[Collected data]
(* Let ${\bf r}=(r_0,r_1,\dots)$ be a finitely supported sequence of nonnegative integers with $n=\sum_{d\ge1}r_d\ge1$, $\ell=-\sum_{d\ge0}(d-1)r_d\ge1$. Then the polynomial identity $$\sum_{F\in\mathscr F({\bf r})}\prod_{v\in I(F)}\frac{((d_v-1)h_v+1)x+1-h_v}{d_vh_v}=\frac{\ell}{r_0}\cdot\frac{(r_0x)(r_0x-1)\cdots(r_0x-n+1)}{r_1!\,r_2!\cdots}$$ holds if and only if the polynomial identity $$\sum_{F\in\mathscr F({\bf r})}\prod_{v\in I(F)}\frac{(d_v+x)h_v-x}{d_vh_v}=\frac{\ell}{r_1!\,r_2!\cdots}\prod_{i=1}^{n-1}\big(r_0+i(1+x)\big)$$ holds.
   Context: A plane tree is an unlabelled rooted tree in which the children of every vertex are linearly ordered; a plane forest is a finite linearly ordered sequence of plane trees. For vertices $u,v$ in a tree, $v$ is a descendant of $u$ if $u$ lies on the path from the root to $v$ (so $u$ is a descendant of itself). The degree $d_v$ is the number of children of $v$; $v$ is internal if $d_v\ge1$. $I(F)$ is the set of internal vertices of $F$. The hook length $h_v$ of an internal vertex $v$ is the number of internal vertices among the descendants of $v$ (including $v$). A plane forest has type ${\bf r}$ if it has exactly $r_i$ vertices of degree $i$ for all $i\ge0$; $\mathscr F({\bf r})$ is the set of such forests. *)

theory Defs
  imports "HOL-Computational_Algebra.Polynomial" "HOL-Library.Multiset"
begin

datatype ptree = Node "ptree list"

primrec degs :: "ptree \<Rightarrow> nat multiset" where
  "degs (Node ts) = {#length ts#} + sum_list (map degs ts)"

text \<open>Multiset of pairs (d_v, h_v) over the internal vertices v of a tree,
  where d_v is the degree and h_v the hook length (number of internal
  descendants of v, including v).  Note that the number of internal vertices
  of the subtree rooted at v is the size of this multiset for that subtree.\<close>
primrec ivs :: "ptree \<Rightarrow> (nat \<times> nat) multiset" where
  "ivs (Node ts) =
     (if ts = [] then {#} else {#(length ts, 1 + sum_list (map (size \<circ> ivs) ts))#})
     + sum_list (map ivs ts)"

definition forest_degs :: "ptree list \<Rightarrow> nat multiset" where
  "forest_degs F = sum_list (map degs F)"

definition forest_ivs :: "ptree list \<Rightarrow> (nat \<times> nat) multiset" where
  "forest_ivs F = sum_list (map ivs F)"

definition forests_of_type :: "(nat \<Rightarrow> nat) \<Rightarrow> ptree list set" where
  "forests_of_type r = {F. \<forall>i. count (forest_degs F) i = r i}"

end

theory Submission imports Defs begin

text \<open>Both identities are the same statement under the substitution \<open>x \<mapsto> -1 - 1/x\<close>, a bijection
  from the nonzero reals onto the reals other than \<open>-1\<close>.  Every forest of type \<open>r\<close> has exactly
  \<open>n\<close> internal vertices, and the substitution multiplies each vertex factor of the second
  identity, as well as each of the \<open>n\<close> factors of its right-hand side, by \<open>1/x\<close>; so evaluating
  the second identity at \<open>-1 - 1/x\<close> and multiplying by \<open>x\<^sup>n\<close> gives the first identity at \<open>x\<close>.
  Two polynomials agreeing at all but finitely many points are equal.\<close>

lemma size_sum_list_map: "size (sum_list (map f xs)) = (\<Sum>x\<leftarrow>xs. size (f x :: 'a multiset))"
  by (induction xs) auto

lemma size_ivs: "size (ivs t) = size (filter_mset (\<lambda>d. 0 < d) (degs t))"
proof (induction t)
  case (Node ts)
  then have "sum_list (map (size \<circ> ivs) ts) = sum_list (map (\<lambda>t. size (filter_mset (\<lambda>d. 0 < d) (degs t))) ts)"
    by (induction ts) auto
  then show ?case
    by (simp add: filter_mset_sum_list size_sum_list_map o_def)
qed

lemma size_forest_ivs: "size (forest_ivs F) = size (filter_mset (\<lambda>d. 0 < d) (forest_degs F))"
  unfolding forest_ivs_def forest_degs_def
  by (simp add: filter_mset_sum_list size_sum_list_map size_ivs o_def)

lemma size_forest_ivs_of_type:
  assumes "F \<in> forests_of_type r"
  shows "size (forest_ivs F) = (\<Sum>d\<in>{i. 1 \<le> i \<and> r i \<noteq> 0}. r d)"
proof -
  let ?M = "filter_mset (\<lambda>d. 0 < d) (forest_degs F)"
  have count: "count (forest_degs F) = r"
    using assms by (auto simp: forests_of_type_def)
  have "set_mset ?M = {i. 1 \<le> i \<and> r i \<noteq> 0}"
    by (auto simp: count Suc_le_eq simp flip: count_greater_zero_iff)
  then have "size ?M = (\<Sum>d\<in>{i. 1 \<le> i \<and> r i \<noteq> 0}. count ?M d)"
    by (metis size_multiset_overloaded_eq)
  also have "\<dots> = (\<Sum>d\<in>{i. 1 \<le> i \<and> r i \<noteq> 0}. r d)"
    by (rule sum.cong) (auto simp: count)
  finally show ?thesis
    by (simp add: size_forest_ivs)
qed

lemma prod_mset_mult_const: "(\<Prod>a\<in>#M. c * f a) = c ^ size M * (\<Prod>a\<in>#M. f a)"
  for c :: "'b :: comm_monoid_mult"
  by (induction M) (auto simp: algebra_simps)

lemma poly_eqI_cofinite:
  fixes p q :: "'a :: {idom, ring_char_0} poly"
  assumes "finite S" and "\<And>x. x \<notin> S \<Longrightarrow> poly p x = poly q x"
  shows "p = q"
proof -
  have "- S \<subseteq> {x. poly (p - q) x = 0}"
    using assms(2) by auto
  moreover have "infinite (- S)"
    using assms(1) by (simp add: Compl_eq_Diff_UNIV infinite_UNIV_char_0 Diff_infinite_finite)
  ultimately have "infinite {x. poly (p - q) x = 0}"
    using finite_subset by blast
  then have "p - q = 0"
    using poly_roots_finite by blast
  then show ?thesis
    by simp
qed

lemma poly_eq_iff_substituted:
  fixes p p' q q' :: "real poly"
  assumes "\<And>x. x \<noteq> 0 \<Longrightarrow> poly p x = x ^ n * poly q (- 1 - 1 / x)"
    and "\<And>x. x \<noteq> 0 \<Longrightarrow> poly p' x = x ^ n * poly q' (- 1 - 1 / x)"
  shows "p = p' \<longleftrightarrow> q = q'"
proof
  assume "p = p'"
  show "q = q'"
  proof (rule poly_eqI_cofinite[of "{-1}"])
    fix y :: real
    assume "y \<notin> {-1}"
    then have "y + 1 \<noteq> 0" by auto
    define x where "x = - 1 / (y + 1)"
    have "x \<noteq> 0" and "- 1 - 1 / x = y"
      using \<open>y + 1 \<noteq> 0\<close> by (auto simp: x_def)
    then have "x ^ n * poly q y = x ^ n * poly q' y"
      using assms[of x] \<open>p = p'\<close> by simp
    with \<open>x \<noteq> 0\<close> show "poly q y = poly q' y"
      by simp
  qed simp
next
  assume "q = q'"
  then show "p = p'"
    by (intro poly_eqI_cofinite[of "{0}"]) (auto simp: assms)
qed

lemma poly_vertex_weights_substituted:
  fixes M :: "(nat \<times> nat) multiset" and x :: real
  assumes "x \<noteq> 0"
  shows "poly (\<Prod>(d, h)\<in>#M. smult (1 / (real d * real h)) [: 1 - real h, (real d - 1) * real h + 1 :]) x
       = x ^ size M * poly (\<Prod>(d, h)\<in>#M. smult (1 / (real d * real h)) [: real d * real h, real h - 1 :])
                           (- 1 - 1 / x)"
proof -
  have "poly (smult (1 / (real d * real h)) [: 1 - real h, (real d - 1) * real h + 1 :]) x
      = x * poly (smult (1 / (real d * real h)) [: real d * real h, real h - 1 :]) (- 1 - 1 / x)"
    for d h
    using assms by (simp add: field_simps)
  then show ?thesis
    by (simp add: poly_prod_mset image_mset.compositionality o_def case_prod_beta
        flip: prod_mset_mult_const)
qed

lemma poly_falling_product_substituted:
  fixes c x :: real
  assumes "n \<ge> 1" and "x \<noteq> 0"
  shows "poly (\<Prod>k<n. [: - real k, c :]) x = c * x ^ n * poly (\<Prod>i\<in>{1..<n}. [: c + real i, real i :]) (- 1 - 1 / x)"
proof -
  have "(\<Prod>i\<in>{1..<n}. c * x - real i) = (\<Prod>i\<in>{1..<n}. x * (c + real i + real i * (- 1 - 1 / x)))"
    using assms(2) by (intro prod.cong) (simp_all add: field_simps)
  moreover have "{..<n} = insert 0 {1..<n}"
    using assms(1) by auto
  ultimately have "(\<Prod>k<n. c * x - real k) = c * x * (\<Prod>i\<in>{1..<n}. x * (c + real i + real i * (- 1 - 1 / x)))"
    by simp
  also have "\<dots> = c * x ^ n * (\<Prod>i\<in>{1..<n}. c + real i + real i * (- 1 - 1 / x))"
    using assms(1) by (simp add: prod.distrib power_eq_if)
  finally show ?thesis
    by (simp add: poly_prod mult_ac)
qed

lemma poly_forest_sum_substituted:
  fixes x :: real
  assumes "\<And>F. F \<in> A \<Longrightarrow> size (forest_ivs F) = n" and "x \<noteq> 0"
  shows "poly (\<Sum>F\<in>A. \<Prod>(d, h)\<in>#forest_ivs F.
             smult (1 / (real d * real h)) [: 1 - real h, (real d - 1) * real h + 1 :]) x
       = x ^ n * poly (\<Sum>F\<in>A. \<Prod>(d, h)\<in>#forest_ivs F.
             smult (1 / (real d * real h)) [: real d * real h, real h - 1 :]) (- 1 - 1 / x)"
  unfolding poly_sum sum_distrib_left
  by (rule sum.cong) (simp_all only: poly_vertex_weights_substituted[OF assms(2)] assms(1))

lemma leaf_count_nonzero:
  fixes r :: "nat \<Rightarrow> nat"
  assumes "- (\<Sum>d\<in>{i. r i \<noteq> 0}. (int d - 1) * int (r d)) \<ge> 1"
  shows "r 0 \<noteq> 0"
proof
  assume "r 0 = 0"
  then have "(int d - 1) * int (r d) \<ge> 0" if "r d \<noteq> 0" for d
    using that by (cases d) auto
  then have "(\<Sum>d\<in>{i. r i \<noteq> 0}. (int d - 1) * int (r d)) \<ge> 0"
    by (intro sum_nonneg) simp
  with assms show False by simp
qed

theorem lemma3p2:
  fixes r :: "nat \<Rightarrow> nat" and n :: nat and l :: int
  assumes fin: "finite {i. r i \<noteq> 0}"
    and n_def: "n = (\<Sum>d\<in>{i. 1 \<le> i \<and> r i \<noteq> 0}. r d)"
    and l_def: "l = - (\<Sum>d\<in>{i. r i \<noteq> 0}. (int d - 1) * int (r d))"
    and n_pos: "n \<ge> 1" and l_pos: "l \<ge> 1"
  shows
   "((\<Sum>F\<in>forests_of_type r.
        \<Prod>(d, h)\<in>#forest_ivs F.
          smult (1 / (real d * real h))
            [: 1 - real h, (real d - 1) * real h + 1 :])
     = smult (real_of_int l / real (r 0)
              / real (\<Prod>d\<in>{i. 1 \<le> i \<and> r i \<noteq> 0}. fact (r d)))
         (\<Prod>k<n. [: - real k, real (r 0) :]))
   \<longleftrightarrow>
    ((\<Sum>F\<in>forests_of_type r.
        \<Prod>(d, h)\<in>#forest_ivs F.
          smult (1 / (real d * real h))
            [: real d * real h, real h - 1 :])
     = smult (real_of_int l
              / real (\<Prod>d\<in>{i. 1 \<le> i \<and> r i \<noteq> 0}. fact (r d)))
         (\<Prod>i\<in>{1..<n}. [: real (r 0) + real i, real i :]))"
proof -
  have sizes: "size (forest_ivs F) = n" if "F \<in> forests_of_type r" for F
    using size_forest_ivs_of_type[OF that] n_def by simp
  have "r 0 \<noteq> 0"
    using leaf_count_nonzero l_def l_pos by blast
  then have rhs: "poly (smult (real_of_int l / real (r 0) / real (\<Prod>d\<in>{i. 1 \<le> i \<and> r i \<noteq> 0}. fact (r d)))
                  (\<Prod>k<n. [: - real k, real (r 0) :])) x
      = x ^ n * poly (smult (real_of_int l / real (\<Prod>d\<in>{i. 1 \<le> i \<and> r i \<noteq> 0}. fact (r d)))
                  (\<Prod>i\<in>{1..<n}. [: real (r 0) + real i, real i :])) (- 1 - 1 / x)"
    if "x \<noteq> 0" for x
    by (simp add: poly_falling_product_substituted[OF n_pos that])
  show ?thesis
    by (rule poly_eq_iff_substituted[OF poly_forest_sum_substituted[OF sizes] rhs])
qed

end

» **ACTION ITEM**:
Every line holding the word "rule" should be copied out of the records above.

» **WRITTEN RESPONSE**:
    by (rule sum.cong) (auto simp: count)
  proof (rule poly_eqI_cofinite[of "{-1}"])
  by (rule sum.cong) (simp_all only: poly_vertex_weights_substituted[OF assms(2)] assms(1))
    by (rule poly_eq_iff_substituted[OF poly_forest_sum_substituted[OF sizes] rhs])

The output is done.